Bank of America is negative on European equities as they see a "classical slowdown" as a likely scenario.
The bank says ambiguous macro data leaves the market jittery about the outlook for growth and inflation.
"It is a typical feature of late-cycle environments that macro data start to become ambiguous, with some data reflecting the strong activity levels and overheating pressures associated with a tight labour market, while others foreshadow the dampening impact of the tight monetary policy normally in place at this stage of the cycle," explains the bank.
"The current episode is no exception, with recent macro data prints offering support to all four possible combinations in the growth-inflation matrix: Goldilocks, higher-for-longer, stagflation and classical slowdown."

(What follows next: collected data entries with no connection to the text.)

lemma nth_concat_const:
  assumes "\<forall>x\<in>set xs. length (g x) = k" "i < length xs" "j < k"
  shows "concat (map g xs) ! (i * k + j) = g (xs ! i) ! j"
  using assms
proof (induction xs arbitrary: i)
  case (Cons x xs)
  show ?case
  proof (cases i)
    case 0 then show ?thesis using Cons.prems by (simp add: nth_append)
  next
    case (Suc i')
    then have "concat (map g (x # xs)) ! (i * k + j) = concat (map g xs) ! (i' * k + j)"
      using Cons.prems by (simp add: nth_append algebra_simps)
    then show ?thesis using Cons Suc by simp
  qed
qed simp

lemma length_concat_const: "\<forall>x\<in>set xs. length (g x) = k \<Longrightarrow> length (concat (map g xs)) = length xs * k"
  by (induction xs) auto

lemma length_cube: "length [f b c d. b \<leftarrow> [0..<n], c \<leftarrow> [0..<n], d \<leftarrow> [0..<(n::nat)]] = n * n * n"
  using length_concat_const[of "[0..<n]" "\<lambda>b. concat (map (\<lambda>c. map (f b c) [0..<n]) [0..<n])" "n * n"]
    length_concat_const[of "[0..<n]" "\<lambda>c. map (f _ c) [0..<n]" n]
  by (simp add: concat_map_singleton)

lemma nth_cube:
  assumes "b < n" "c < n" "d < n"
  shows "[f b c d. b \<leftarrow> [0..<n], c \<leftarrow> [0..<n], d \<leftarrow> [0..<n]] ! (b * n * n + c * n + d) = f b c d"
proof -
  let ?row = "\<lambda>b. concat (map (\<lambda>c. map (f b c) [0..<n]) [0..<n])"
  have rows: "\<forall>b\<in>set [0..<n]. length (?row b) = n * n"
    using length_concat_const[of "[0..<n]" "\<lambda>c. map (f _ c) [0..<n]" n] by simp
  have "[f b c d. b \<leftarrow> [0..<n], c \<leftarrow> [0..<n], d \<leftarrow> [0..<n]] = concat (map ?row [0..<n])"
    by (simp add: concat_map_singleton)
  moreover have "concat (map ?row [0..<n]) ! (b * (n * n) + (c * n + d)) = ?row b ! (c * n + d)"
    using nth_concat_const[OF rows, of b "c * n + d"] assms pair_index_less[of c n d] by simp
  moreover have "?row b ! (c * n + d) = f b c d"
    using nth_concat_const[of "[0..<n]" "\<lambda>c. map (f b c) [0..<n]" n c d] assms by simp
  ultimately show ?thesis by (simp add: algebra_simps)
qed

lemma length_encode_smg: "length (encode_smg n pref R) = 1 + 2 * (n * n * n)"
  unfolding encode_smg_def by (simp add: length_cube)

lemma encode_smg_nth_0: "encode_smg n pref R ! 0 = n"
  by (simp add: encode_smg_def)

lemma encode_smg_nth_pref:
  assumes "b < n" "c < n" "d < n"
  shows "encode_smg n pref R ! (1 + (b * n * n + c * n + d)) = bit (pref b c d)"
proof -
  have "b * n * n + c * n + d < length [bit (pref b c d). b \<leftarrow> [0..<n], c \<leftarrow> [0..<n], d \<leftarrow> [0..<n]]"
    using triple_index_less[OF assms] by (simp add: length_cube)
  then show ?thesis using nth_cube[OF assms, of "\<lambda>b c d. bit (pref b c d)"]
    by (simp add: encode_smg_def nth_append)
qed

lemma encode_smg_nth_R:
  assumes "c < n" "x < n" "y < n"
  shows "encode_smg n pref R ! (1 + n * n * n + (c * n * n + x * n + y)) = bit (R c x y)"
  using nth_cube[OF assms, of "\<lambda>c b b'. bit (R c b b')"]
  by (simp add: encode_smg_def nth_append length_cube)

section \<open>Moving blocks of memory\<close>

text \<open>Registers 0, 1, 2 serve as source pointer, target pointer and loop flag, so the copy loop
  stops at index 3 and the lowest cells are handled separately.\<close>

definition copy_body :: "instr list" where
  "copy_body = [LoadI 2 0, StoreI 1 2, LoadC 2 1, Sub 0 0 2, Sub 1 1 2, LoadC 2 3, Sub 2 2 1]"

definition copy_out :: com where
  "copy_out = Seq (Blk [Add 1 4 3, Add 0 9 1, LoadC 2 2, Sub 2 1 2])
     (Seq (IfNZ 2 (DoWhile (Blk copy_body) 2)) (Blk [LoadI 2 0, Sub 0 0 1, LoadI 0 0, LoadC 1 1]))"

definition copy_inv :: "nat \<Rightarrow> nat \<Rightarrow> (nat \<Rightarrow> nat) \<Rightarrow> nat \<Rightarrow> (nat \<Rightarrow> nat) \<Rightarrow> bool" where
  "copy_inv n ob w k m \<longleftrightarrow> m 0 = ob + (n + 1 - k) \<and> m 1 = n + 1 - k
     \<and> (\<forall>j. n + 1 - k < j \<and> j \<le> n + 1 \<longrightarrow> m j = w j) \<and> (\<forall>j\<le>n+1. m (ob + j) = w j)"

lemma copy_body_spec:
  assumes ob: "n + 3 < ob" and k: "k < n - 1"
  shows "hoare (copy_inv n ob w k) (Blk copy_body) 7
    (\<lambda>m. copy_inv n ob w (Suc k) m \<and> (m 2 = 0 \<longleftrightarrow> Suc k < n - 1))"
proof (rule hoare_Blk)
  fix m assume h: "copy_inv n ob w k m"
  define d where "d = n + 1 - k"
  have d: "3 \<le> d" "d \<le> n + 1" "n + 1 - Suc k = d - 1" using k by (auto simp: d_def)
  have "m 0 = ob + d" "m 1 = d" using h by (auto simp: copy_inv_def d_def)
  moreover have "m (ob + d) = w d" using h d by (auto simp: copy_inv_def)
  ultimately have step: "exec_block copy_body m
      = m(2 := w d, d := w d, 2 := 1, 0 := ob + d - 1, 1 := d - 1, 2 := 3, 2 := 3 - (d - 1))"
    using d by (simp add: copy_body_def)
  have "m j = w j" if "d < j" "j \<le> n + 1" for j
    using h that unfolding copy_inv_def d_def by auto
  then have "copy_inv n ob w (Suc k) (exec_block copy_body m)"
    using h ob d unfolding step copy_inv_def d(3) by (auto simp: le_less_Suc_eq)
  moreover have "3 - (d - 1) = 0 \<longleftrightarrow> Suc k < n - 1" using k d_def by auto
  ultimately show "copy_inv n ob w (Suc k) (exec_block copy_body m) \<and> (exec_block copy_body m 2 = 0 \<longleftrightarrow> Suc k < n - 1)"
    unfolding step by simp
qed (auto simp: copy_body_def)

Furthermore, analysts argue that with European cyclicals versus defensives close to a 30-year high and the European equity risk premium at the lowest since 2007, much of the good macro news is already in the price.
"We see scope for slowing growth and stay negative on European equities," adds BofA.
The bank says the best gauge of the global macro-cycle is the US labor market, with an increase in the unemployment rate typically signaling that the transition from late-cycle to end-of-cycle dynamics has started, with the signs historically presaging labor-market weakness in place.
In addition, analysts say that inflation has mostly unwound the undershoot to the subdued levels of supply-chain stress, implying softer inflation momentum ahead.
"As a consequence, we remain positioned for a classical slowdown, in which softening growth and fading inflation are accompanied by rising risk premia and declining EPS expectations," concludes BofA.